In general, the chemical functionalization of CNTs takes place either via covalent grafting to the graphitic surface, structural defects, and end cups of the tubes, through molecular stacking on the walls, or by wrapping the tubes with polymers (Kahn et al. 2002; Holzinger et al. 2003; Huang et al. 2003). The conventional functionalized methods make nanoparticles behave solid-like in the absence of solvent and do not undergo a microscopic solid-to-liquid transition below 150 °C. Recently, we have developed a series of solvent-free nanofluids. (Zhang et al. 2009a, b, c, 2010; Zheng et al. 2010). The solvent-free nanofluids is a liquid, which could flow at room temperature. This kind of nanofluids was first synthesized by Emmanuel’s group in Cornell University (Bourlinos et al. 2005a, b, c). Later, the solvent-free nanoparticle fluids were synthesized by the present authors by attaching a corona of ionic flexible chains onto an inorganic oxide core, such as SiO2, TiO2, Fe3O4, etc. (Yu et al. 2011; Lan et al. 2011). We also prepared nonionic solvent-free multi-walled CNTs (MWNTs) nanofluids through modifying them with amphipathic block copolymers and nanoparticles such as Au (Zhang et al. 2009a, b, c, 2010; Zheng et al. 2010).

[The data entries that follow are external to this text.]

lemma maximal_filter_avoiding_exists:
  assumes "a \<noteq> top"
  obtains M where "is_filter m M" "a \<notin> M"
    "\<And>F. is_filter m F \<Longrightarrow> a \<notin> F \<Longrightarrow> M \<subseteq> F \<Longrightarrow> F = M"
proof -
  let ?S = "{F. is_filter m F \<and> a \<notin> F}"
  have "is_filter m {top}"
    unfolding is_filter_def by (auto simp: top_unique)
  then have "{top} \<in> ?S" using assms by simp
  then have "\<exists>M\<in>?S. \<forall>F\<in>?S. M \<subseteq> F \<longrightarrow> F = M"
  proof (intro subset_Zorn_nonempty)
    fix C
    assume "C \<noteq> {}" and "subset.chain ?S C"
    then have "is_filter m (\<Union>C)" and "a \<notin> \<Union>C"
      using is_filter_Union_chain[of C m] unfolding subset.chain_def by blast+
    then show "\<Union>C \<in> ?S" by simp
  qed blast
  then show ?thesis using that by blast
qed

lemma maximal_filter_avoiding_sup_prime:
  assumes M: "is_filter m M" and "a \<notin> M"
    and maximal: "\<And>F. is_filter m F \<Longrightarrow> a \<notin> F \<Longrightarrow> M \<subseteq> F \<Longrightarrow> F = M"
  shows "sup_prime_filter m M"
  unfolding sup_prime_filter_def
proof (intro conjI allI impI M)
  fix x y
  assume "sup x y \<in> M"
  have extension_hits_a: "a \<in> filter_extension M z" if "z \<notin> M" for z
  proof (rule ccontr)
    assume "a \<notin> filter_extension M z"
    then have "filter_extension M z = M"
      using maximal[OF is_filter_filter_extension[OF M] _ filter_extension_subset] by blast
    then show False
      using filter_extension_mem[OF M] \<open>z \<notin> M\<close> by blast
  qed
  show "x \<in> M \<or> y \<in> M"
  proof (rule ccontr)
    assume "\<not> (x \<in> M \<or> y \<in> M)"
    then obtain f n g k where f: "f \<in> M" "mpower m (m f x) n \<le> a"
      and g: "g \<in> M" "mpower m (m g y) k \<le> a"
      using extension_hits_a unfolding filter_extension_def by blast
    define h where "h = m f g"
    have "h \<in> M"
      unfolding h_def using filter_mult[OF M f(1) g(1)] .
    have "mpower m (m h (sup x y)) (n + k) \<le> sup (mpower m (m h x) n) (mpower m (m h y) k)"
      unfolding mult_sup_distrib_left by (rule mpower_sup_le)
    also have "\<dots> \<le> a"
      using f(2) g(2) mpower_mult_mult_le unfolding h_def by (meson order_trans le_supI)
    finally have "mpower m (m h (sup x y)) (n + k) \<le> a" .
    moreover have "mpower m (m h (sup x y)) (n + k) \<in> M"
      using filter_mpower[OF M] filter_mult[OF M] \<open>h \<in> M\<close> \<open>sup x y \<in> M\<close> by blast
    ultimately show False
      using filter_upward[OF M] \<open>a \<notin> M\<close> by blast
  qed
qed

In this study, the solvent-free MWNTs nanofluids, which behaved liquid-like at room temperature, were prepared by functionalizing ionic flexible chains onto the surface of carboxylation MWNTs. The content of MWNTs reached up to 18.04 wt% (weight fraction), which was nearly four times higher than that of the traditional nanofluids (Nguyen et al. 2008). It is found that the nanofluids can be dispersed well in deionized water. With the addition into the epoxy matrix, the nanofluids dispersed well in the composites without apparent aggregation. Meanwhile, the mechanical properties had been improved to certain extent.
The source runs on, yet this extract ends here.